注: このアッセイで Jurkat 細胞 (すなわち、内生表現 CXCR417ひと白血病細胞の T リンパ球細胞) が使用されます。CXCR4 の細胞表面での発現をフローサイトメトリーによる細胞培養中で評価されるべき。流れ cytometry プロシージャおよび細胞表面の受容体の発現レベル、ただし、このプロトコルの範囲内ではされているを決定する試薬の説明上記17の。 - Jurkat 細胞の成長停止の 80-85% に到達するまで合流しましょう。新規フラスコにセルを通過する前に部屋の温度 (RT) に到達するすべての試薬を許可します。
- 新しいコート t75 フラスコ培養用フラスコに完全な新鮮な成長媒体 (RPMI 1640 中, 10% 牛胎児血清 (FBS)、2 mM グルタミン) の 20 mL を追加します。
- 小説コート t75 フラスコ培養用フラスコに (細胞懸濁液 25 mL を含んでいる) 元の T75 フラスコから Jurkat 細胞懸濁液 5 mL を追加します。
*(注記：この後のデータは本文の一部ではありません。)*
(* Let $\mathcal{T}$ be a conforming mesh of the two-dimensional torus by straight triangles, and let $k\ge 0$. Let $\nabla^\perp:\mathbb{P}_{k+1}\to\mathrm{d}\mathbb{P}_k(\mathcal{C})^2$ be the cellwise rotated gradient $\nabla^\perp\psi=(-\partial_y\psi,\partial_x\psi)^T$, and let $\nabla_{\mathscr{D}'}\cdot:\mathrm{d}\mathbb{P}_k(\mathcal{C})^2\to \mathrm{d}\mathbb{P}_{k-1}(\mathcal{C})\times\mathrm{d}\mathbb{P}_k(\mathcal{F})$ be the distributional divergence, $(\nabla_{\mathscr{D}'}\cdot\mathbf{u})|_c=\nabla\cdot(\mathbf{u}|_c)$ for each cell $c$ and $(\nabla_{\mathscr{D}'}\cdot\mathbf{u})|_f=[\![\mathbf{u}\cdot\mathbf{n}_f]\!]$ for each face $f$. If $\mathbb{K}^2$ denotes the two-dimensional space of uniform (constant) vector fields, then $$\ker(\nabla_{\mathscr{D}'}\cdot)=\operatorname{Range}(\nabla^\perp)\oplus\mathbb{K}^2.$$
   Context: $\mathcal{C}$, $\mathcal{F}$ are the cells and faces (edges) of the mesh. $\mathbb{P}_{k+1}$: continuous functions, polynomial of total degree $\le k+1$ on each triangle. $\mathrm{d}\mathbb{P}_k(\mathcal{C})^2$: discontinuous vector fields, polynomial of total degree $\le k$ componentwise on each cell. $\mathrm{d}\mathbb{P}_{k-1}(\mathcal{C})$: discontinuous cellwise polynomials of degree $\le k-1$ (zero space if $k=0$). $\mathrm{d}\mathbb{P}_k(\mathcal{F})$: collections of polynomials of degree $\le k$, one on each face. Each face $f$ carries a fixed unit normal $\mathbf{n}_f$; the cell into which $\mathbf{n}_f$ points is the right cell $R$, the other the left cell $L$, and $[\![\mathbf{u}\cdot\mathbf{n}_f]\!]=\mathbf{u}_R\cdot\mathbf{n}_f-\mathbf{u}_L\cdot\mathbf{n}_f$. *)

theory Defs
  imports "HOL-Analysis.Analysis"
begin

text \<open>The torus is the plane modulo the lattice
  generated by two linearly independent period vectors a, b; a mesh of the torus is
  represented by its periodic lift: finitely many triangles whose lattice translates form
  a conforming triangulation of the plane. Fields on the torus are periodic fields on the plane.\<close>

definition det2 :: "real \<times> real \<Rightarrow> real \<times> real \<Rightarrow> real" where
  "det2 p q = fst p * snd q - snd p * fst q"

definition lattice :: "real \<times> real \<Rightarrow> real \<times> real \<Rightarrow> (real \<times> real) set" where
  "lattice a b = {of_int m *\<^sub>R a + of_int n *\<^sub>R b | m n. True}"

definition tri :: "('c \<Rightarrow> nat \<Rightarrow> real \<times> real) \<Rightarrow> 'c \<Rightarrow> (real \<times> real) set" where
  "tri V c = convex hull (V c ` {0,1,2})"

definition cell :: "('c \<Rightarrow> nat \<Rightarrow> real \<times> real) \<Rightarrow> 'c \<Rightarrow> real \<times> real \<Rightarrow> (real \<times> real) set" where
  "cell V c l = (\<lambda>x. x + l) ` tri V c"

definition verts :: "('c \<Rightarrow> nat \<Rightarrow> real \<times> real) \<Rightarrow> 'c \<Rightarrow> real \<times> real \<Rightarrow> (real \<times> real) set" where
  "verts V c l = (\<lambda>x. x + l) ` V c ` {0,1,2}"

definition torus_mesh :: "real \<times> real \<Rightarrow> real \<times> real \<Rightarrow> ('c \<Rightarrow> nat \<Rightarrow> real \<times> real) \<Rightarrow> bool" where
  "torus_mesh a b V \<longleftrightarrow>
     det2 a b \<noteq> 0 \<and>
     (\<forall>c. det2 (V c 1 - V c 0) (V c 2 - V c 0) \<noteq> 0) \<and>
     (\<Union>c. \<Union>l\<in>lattice a b. cell V c l) = UNIV \<and>
     (\<forall>c c' l l'. l \<in> lattice a b \<and> l' \<in> lattice a b \<and> (c, l) \<noteq> (c', l') \<longrightarrow>
        (let S = cell V c l \<inter> cell V c' l' in
           S = {} \<or>
           (\<exists>v. v \<in> verts V c l \<and> v \<in> verts V c' l' \<and> S = {v}) \<or>
           (\<exists>v w. v \<noteq> w \<and> v \<in> verts V c l \<and> v \<in> verts V c' l' \<and>
                  w \<in> verts V c l \<and> w \<in> verts V c' l' \<and> S = closed_segment v w)))"

definition poly2 :: "nat \<Rightarrow> (real \<times> real \<Rightarrow> real) \<Rightarrow> bool" where
  "poly2 d p \<longleftrightarrow> (\<exists>a :: nat \<Rightarrow> nat \<Rightarrow> real.
      \<forall>x y. p (x, y) = (\<Sum>i\<le>d. \<Sum>j\<le>d - i. a i j * x ^ i * y ^ j))"

definition dx :: "(real \<times> real \<Rightarrow> real) \<Rightarrow> real \<times> real \<Rightarrow> real" where
  "dx f z = deriv (\<lambda>t. f (t, snd z)) (fst z)"

definition dy :: "(real \<times> real \<Rightarrow> real) \<Rightarrow> real \<times> real \<Rightarrow> real" where
  "dy f z = deriv (\<lambda>t. f (fst z, t)) (snd z)"

definition rotgrad :: "(real \<times> real \<Rightarrow> real) \<Rightarrow> real \<times> real \<Rightarrow> real \<times> real" where
  "rotgrad f z = (- dy f z, dx f z)"

definition divg :: "(real \<times> real \<Rightarrow> real \<times> real) \<Rightarrow> real \<times> real \<Rightarrow> real" where
  "divg u z = dx (\<lambda>p. fst (u p)) z + dy (\<lambda>p. snd (u p)) z"

definition edge_normal :: "real \<times> real \<Rightarrow> real \<times> real \<Rightarrow> real \<times> real" where
  "edge_normal v w = (1 / norm (w - v)) *\<^sub>R (snd (w - v), - fst (w - v))"

text \<open>dP_k(C)^2: one polynomial vector field of degree \<le> k per cell
  (on the translate cell V c l the field is x \<mapsto> u c (x - l)).\<close>
definition dPk :: "nat \<Rightarrow> ('c \<Rightarrow> real \<times> real \<Rightarrow> real \<times> real) \<Rightarrow> bool" where
  "dPk k u \<longleftrightarrow> (\<forall>c. poly2 k (\<lambda>z. fst (u c z)) \<and> poly2 k (\<lambda>z. snd (u c z)))"

definition CGspace :: "real \<times> real \<Rightarrow> real \<times> real \<Rightarrow> ('c \<Rightarrow> nat \<Rightarrow> real \<times> real) \<Rightarrow> nat
    \<Rightarrow> (real \<times> real \<Rightarrow> real) \<Rightarrow> bool" where
  "CGspace a b V d \<psi> \<longleftrightarrow> continuous_on UNIV \<psi> \<and>
     (\<forall>l\<in>lattice a b. \<forall>x. \<psi> (x + l) = \<psi> x) \<and>
     (\<forall>c. \<exists>p. poly2 d p \<and> (\<forall>x\<in>tri V c. \<psi> x = p x))"

definition rotgrad_range :: "real \<times> real \<Rightarrow> real \<times> real \<Rightarrow> ('c \<Rightarrow> nat \<Rightarrow> real \<times> real) \<Rightarrow> nat
    \<Rightarrow> ('c \<Rightarrow> real \<times> real \<Rightarrow> real \<times> real) \<Rightarrow> bool" where
  "rotgrad_range a b V k u \<longleftrightarrow> dPk k u \<and>
     (\<exists>\<psi>. CGspace a b V (k + 1) \<psi> \<and> (\<forall>c. \<forall>x\<in>interior (tri V c). u c x = rotgrad \<psi> x))"
text \<open>Let \<open>D\<close> be a minimum \<open>k\<close>-dominating set, \<open>d = |D| \<ge> k\<close>. If at most \<open>k - 1\<close>
  vertices lie outside \<open>D\<close>, the whole vertex set is \<open>k\<close>-tuple dominating and has at most
  \<open>d + k - 1 \<le> kd - (k - 1)\<^sup>2\<close> vertices. Otherwise add a set \<open>U\<close> of \<open>k - 1\<close> outside vertices
  to \<open>D\<close> and then, for every \<open>v \<in> D\<close>, just enough further neighbours of \<open>v\<close> to give it
  \<open>k - 1\<close> neighbours in the new set. Each \<open>v \<in> D\<close> needs at most \<open>k - 1 - |N(v) \<inter> U|\<close> of
  them, and since every \<open>u \<in> U\<close> has at least \<open>k\<close> neighbours in \<open>D\<close>, double counting the
  edges between \<open>D\<close> and \<open>U\<close> saves at least \<open>k(k - 1)\<close> vertices in total.\<close>

lemma nbhd_subset: "nbhd V E v \<subseteq> V"
  unfolding nbhd_def by auto

lemma finite_nbhd: "finite V \<Longrightarrow> finite (nbhd V E v)"
  using nbhd_subset finite_subset by metis

lemma nbhd_Int_eq: "B \<subseteq> V \<Longrightarrow> nbhd V E v \<inter> B = {u \<in> B. E v u}"
  unfolding nbhd_def by auto

lemma min_degree_le_card_nbhd:
  assumes "finite V" and "v \<in> V"
  shows "min_degree V E \<le> card (nbhd V E v)"
  unfolding min_degree_def using assms by (intro Min_le) auto

lemma deg_in_mono:
  assumes "finite V" and "D \<subseteq> D'"
  shows "deg_in V E D v \<le> deg_in V E D' v"
  unfolding deg_in_def using assms finite_nbhd[OF assms(1)] by (intro card_mono) auto

lemma deg_in_le_card: "finite D \<Longrightarrow> deg_in V E D v \<le> card D"
  unfolding deg_in_def by (intro card_mono) auto

lemma min_degree_le_deg_in_V:
  assumes "finite V" and "v \<in> V"
  shows "min_degree V E \<le> deg_in V E V v"
  using min_degree_le_card_nbhd[OF assms] nbhd_subset[of V E v]
  unfolding deg_in_def by (simp add: Int_absorb2)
37 ° C、5% CO2加湿インキュベーターで孵化させなさい。
2. cxcl 12、アッセイのバッファー、および Jurkat 細胞の競争の結合の試金のための準備。
- ポリソルベート 20 の 0.01% (ボリューム) を添加した純水 (暗闇の中、-80 ° C で保存) 凍結乾燥試薬を溶解することにより cxcl 12AF647 (20 μ G/ml; 参照テーブルの材料および試薬) の原液を準備します。単一のストアは、-80 ° c、光から保護されてこの原液から因数を使用します。
- 40 mL HEPES (1 M、20 mM 最終濃度) を追加することにより 200 mL ハンクのバランスのとれた食塩 (HBSS、10 x、フェノールレッドと重炭酸ナトリウム、最終濃度 x 1 なし) にアッセイバッファーを準備します。追加純水 2 l. 追加 4 g (0.2% 重量/容積) ・ ウシ ・血清アルブミン (BSA) の最終的なボリュームを取得して磁気を介して BSA を溶解攪拌。最後に、7.4 (これに水酸化ナトリウムを使用) に pH を調整し、(テーブルの材料および試薬を参照) 0.2 μ m の気孔を通してソリューションをフィルター真空多岐管を使用しています。
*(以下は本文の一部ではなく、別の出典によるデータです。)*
lemma Prim3_subset_span_basis: "(Prim 3 :: 'a::field mag set) \<subseteq> mag.span (set Prim3_basis)"
proof
  fix f :: "'a mag"
  assume f: "f \<in> Prim 3"
  define A :: "nat \<Rightarrow> nat \<Rightarrow> nat \<Rightarrow> 'a mag"
    where "A a b c = assoc_b (var a) (var b) (var c)" for a b c
  define K :: "nat \<Rightarrow> nat \<Rightarrow> nat \<Rightarrow> 'a mag"
    where "K a b c = bracket (bracket (var a) (var b)) (var c)" for a b c
  define s where "s a b c = f (lword a b c) + f (rword a b c)" for a b c
  have "{w. f w \<noteq> 0} \<subseteq> set words3"
    using f by (simp add: Prim3_iff)
  then have "f = lincomb [(f w, w). w \<leftarrow> words3]"
    by (rule lincomb_coeffs_eq[OF distinct_words3, symmetric])
  \<comment> \<open>the coefficients match f on the left-normed words, hence on all words by Prim3_rword_coeffs\<close>
  also have "\<dots> = mscale (- f (rword 1 2 3)) (A 1 2 3) + mscale (- f (rword 1 3 2)) (A 1 3 2)
      + mscale (f (lword 2 1 3) + s 1 2 3) (A 2 1 3) + mscale (f (lword 2 3 1)) (A 2 3 1)
      + mscale (f (lword 3 2 1)) (A 3 2 1) + mscale (f (lword 3 1 2) + s 1 3 2) (A 3 1 2)
      + mscale (s 1 2 3) (K 1 2 3) + mscale (s 1 3 2) (K 1 3 2)"
    unfolding A_def K_def s_def assoc_b_var_eq_lincomb bracket_bracket_var_eq_lincomb mscale_lincomb
      lincomb_append[symmetric] lincomb_eq_iff
    by (simp add: words3_def perms3_def lincomb_def terms_scale_def algebra_simps
        Prim3_rword_coeffs[OF f, unfolded One_nat_def])
  also have "\<dots> \<in> mag.span (set Prim3_basis)"
    unfolding A_def K_def
    by (intro mag.span_add mag.span_scale mag.span_base) (simp_all add: Prim3_basis_def perms3_def)
  finally show "f \<in> mag.span (set Prim3_basis)" .
qed

lemma distinct_Prim3_basis: "distinct (Prim3_basis :: 'a::field mag list)"
proof -
  have "distinct (map (\<lambda>v. map v words3) (Prim3_basis :: 'a mag list))"
    by (simp add: Prim3_basis_def perms3_def words3_def assoc_b_var_eq_lincomb
        bracket_bracket_var_eq_lincomb lincomb_def)
  then show ?thesis
    by (simp add: distinct_map)
qed

lemma independent_Prim3_basis: "mag.independent (set (Prim3_basis :: 'a::field mag list))"
proof (rule mag.independent_if_scalars_zero)
  fix c :: "'a mag \<Rightarrow> 'a" and v :: "'a mag"
  assume "(\<Sum>v\<in>set Prim3_basis. mscale (c v) v) = 0" and v: "v \<in> set Prim3_basis"
  then have "sum_list [mscale (c v) v. v \<leftarrow> Prim3_basis] w = 0" for w
    by (simp add: sum_list_distinct_conv_sum_set[OF distinct_Prim3_basis])
  from this[of "lword 1 2 3"] this[of "lword 1 3 2"] this[of "lword 2 1 3"] this[of "lword 2 3 1"]
    this[of "lword 3 1 2"] this[of "lword 3 2 1"] this[of "rword 1 2 3"] this[of "rword 1 3 2"]
  show "c v = 0"
    using v by (auto simp: Prim3_basis_def perms3_def assoc_b_var_eq_lincomb
        bracket_bracket_var_eq_lincomb lincomb_def mscale_def)
qed simp

lemma dim_Prim3: "mag.dim (Prim 3 :: 'a::field mag set) = 8"
proof (rule mag.dim_unique[OF Prim3_basis_subset Prim3_subset_span_basis independent_Prim3_basis])
  show "card (set (Prim3_basis :: 'a mag list)) = 8"
    unfolding distinct_card[OF distinct_Prim3_basis] by (simp add: Prim3_basis_def perms3_def)
qed

lemma Prim3_eq_span_generators:
  "(Prim 3 :: 'a::field mag set)
     = mag.span ((\<lambda>(a, b, c). assoc_b (var a) (var b) (var c)) ` set perms3
         \<union> (\<lambda>(a, b, c). bracket (bracket (var a) (var b)) (var c)) ` set perms3)"
  (is "_ = mag.span ?G")
proof (rule mag.span_subspace[symmetric])
  show "?G \<subseteq> Prim 3"
    using assoc_b_var_in_Prim3 bracket_bracket_var_in_Prim3 by auto
  have "set Prim3_basis \<subseteq> ?G"
    by (auto simp: Prim3_basis_def perms3_def)
  then show "Prim 3 \<subseteq> mag.span ?G"
    using Prim3_subset_span_basis mag.span_mono by blast
qed (rule subspace_Prim3)

section \<open>Prim(3) as a representation of Sigma_3\<close>

definition vec3 :: "'a::zero \<Rightarrow> 'a \<Rightarrow> 'a \<Rightarrow> nat \<Rightarrow> 'a" where
  "vec3 x y z = (\<lambda>i. if i = 1 then x else if i = 2 then y else if i = 3 then z else 0)"

text \<open>Stated at Suc 0, the simp normal form of the index 1.\<close>

lemma vec3_apply [simp]: "vec3 x y z (Suc 0) = x" "vec3 x y z 2 = y" "vec3 x y z 3 = z"
  by (simp_all add: vec3_def)

lemma vec3_eq_iff [simp]: "vec3 x y z = vec3 x' y' z' \<longleftrightarrow> x = x' \<and> y = y' \<and> z = z'"
  by (metis vec3_apply)

lemma pact_vec3:
  assumes "\<sigma> permutes {1, 2, 3}"
  shows "pact \<sigma> (vec3 x y z)
    = vec3 (vec3 x y z (inv \<sigma> 1)) (vec3 x y z (inv \<sigma> 2)) (vec3 x y z (inv \<sigma> 3))"
proof
  fix i :: nat
  have "inv \<sigma> permutes {1, 2, 3}"
    using assms by (rule permutes_inv)
  then show "pact \<sigma> (vec3 x y z) i
      = vec3 (vec3 x y z (inv \<sigma> 1)) (vec3 x y z (inv \<sigma> 2)) (vec3 x y z (inv \<sigma> 3)) i"
    by (cases "i \<in> {1, 2, 3}") (auto simp: pact_def vec3_def permutes_not_in)
qed

lemma V21_iff: "u \<in> V21 \<longleftrightarrow> (\<exists>x y. u = vec3 x y (- x - y))"
proof
  assume "u \<in> V21"
  then have "u = vec3 (u 1) (u 2) (- u 1 - u 2)"
    by (auto simp: V21_def vec3_def fun_eq_iff eq_neg_iff_add_eq_0 algebra_simps)
  then show "\<exists>x y. u = vec3 x y (- x - y)" by blast
qed (auto simp: V21_def vec3_def)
注: このアッセイバッファーはプロトコルのすべての以降の手順で使用されます。 - 細胞の生存率と数をカウントします。このため、細胞の懸濁液のサンプルを取るし、リン酸緩衝生理食塩水 (PBS) で希釈します。
注: 我々 は日常的に自動化された細胞生存率アナライザーを使用 (テーブルの材料および試薬を参照) さまざまな濃度で細胞を懸濁液を数えることができます。セルがカウントの 1.5 mL の PBS (例えば、 1.9 mL の PBS に 0.1 mL その他の希釈も可能です) に細胞懸濁液 0.5 mL を希釈します。トリパン ブルー色素排除法に基づいて、このメソッドの使用されている前述した26。携帯番号と同様に動作する必要があります可能性を数えるため市販されているいくつかの他のデバイス。 - 400 の x g で 5 分間遠心分離 (遠心分離機のタイプの材料および試薬の使用を参照) によって滅菌 50 mL のチューブで細胞 (すなわち、 ~ 24 x の 1 つの完全な 96 ウェル プレートでアッセイを実行する 10 の6セル) の必要な数を収集します。RT。
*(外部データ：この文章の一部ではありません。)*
lemma continuous_eq_0_if_orthogonal_to_periodic_second_derivatives:
  fixes K :: "real \<Rightarrow> real"
  assumes T: "T > 0" and K: "continuous_on {0..T} K" and "K 0 = 0" "K T = 0"
    and orth: "\<And>\<phi> \<phi>' \<phi>''. (\<And>t. (\<phi> has_real_derivative \<phi>' t) (at t)) \<Longrightarrow>
      (\<And>t. (\<phi>' has_real_derivative \<phi>'' t) (at t)) \<Longrightarrow> continuous_on UNIV \<phi>'' \<Longrightarrow>
      (\<And>t. \<phi> (t + T) = \<phi> t) \<Longrightarrow> integral {0..T} (\<lambda>t. \<phi>'' t * K t) = 0"
    and t: "t \<in> {0..T}"
  shows "K t = 0"
proof -
  define m where "m = integral {0..T} K / T"
  define c where "c t = K t - m" for t
  have c_cont: "continuous_on {0..T} c" unfolding c_def using K by (intro continuous_intros)
  have c_mean: "integral {0..T} c = 0"
    unfolding c_def using T K by (subst integral_diff) (auto intro: integrable_continuous_real simp: m_def)
  (* Test with \<phi>'' = K minus its mean m: orthogonality becomes \<integral> (K - m)\<^sup>2 = 0. *)
  obtain \<phi> \<phi>' \<phi>'' where
    derivs: "\<And>t. (\<phi> has_real_derivative \<phi>' t) (at t)" "\<And>t. (\<phi>' has_real_derivative \<phi>'' t) (at t)"
    and "continuous_on UNIV \<phi>''" "\<And>t. \<phi> (t + T) = \<phi> t" and \<phi>''_eq: "\<And>t. t \<in> {0..T} \<Longrightarrow> \<phi>'' t = c t"
    using exists_periodic_second_primitive[OF T c_cont _ c_mean] \<open>K 0 = 0\<close> \<open>K T = 0\<close> c_def by metis
  then have "integral {0..T} (\<lambda>t. \<phi>'' t * K t) = 0" by (intro orth[OF derivs])
  moreover have "integral {0..T} (\<lambda>t. \<phi>'' t * K t) = integral {0..T} (\<lambda>t. c t * c t + m * c t)"
    by (rule integral_cong) (simp add: \<phi>''_eq c_def algebra_simps)
  moreover have "\<dots> = integral {0..T} (\<lambda>t. c t * c t) + m * integral {0..T} c"
    using c_cont by (subst integral_add) (auto intro!: integrable_continuous_real continuous_intros)
  ultimately have "integral {0..T} (\<lambda>t. c t * c t) = 0" using c_mean by simp
  moreover have "continuous_on {0..T} (\<lambda>t. c t * c t)"
    using c_cont by (intro continuous_intros)
  ultimately have c_0: "c t = 0" if "t \<in> {0..T}" for t
    using integral_eq_0_iff[of 0 T "\<lambda>t. c t * c t"] T that by simp
  then have "m = 0" using \<open>K 0 = 0\<close> T by (simp add: c_def)
  then show ?thesis using c_0[OF t] by (simp add: c_def)
qed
- 細胞ペレットを乱すことがなく上澄みをそっと注ぐ。新鮮なアッセイバッファーを追加 (例えば、 20 mL) と上下に軽くピペッティングにより細胞を再懸濁します。
- 室温 5 分 400 x g で再び細胞を遠心分離します。
- もう一度、上澄みを離れて注ぎ、5 x 106セル/ml の密度を得るため新鮮なアッセイバッファーで細胞ペレットを再懸濁します。
3 競争の結合の試金
注: 実際の競争の結合の試金は RT では実行され、非無菌条件の下で実行することができます。
- アッセイバッファーで調査中で化合物を希釈 (2.2 参照) 望ましい集中を取得します。いずれか準備初期スクリーニング (例えば10 μ M 最終濃度) の化合物濃度が固定または濃度の連続希釈系列化合物のキャラクタリゼーションの詳細 (例えば1/3、1/4、1/5 希釈系列最終濃度 1 μ M から始まる)。複合ソリューションの 2 倍希釈で試金; 最終的になる覚えておいてください。したがって、濃縮された溶液 x 2 を準備します。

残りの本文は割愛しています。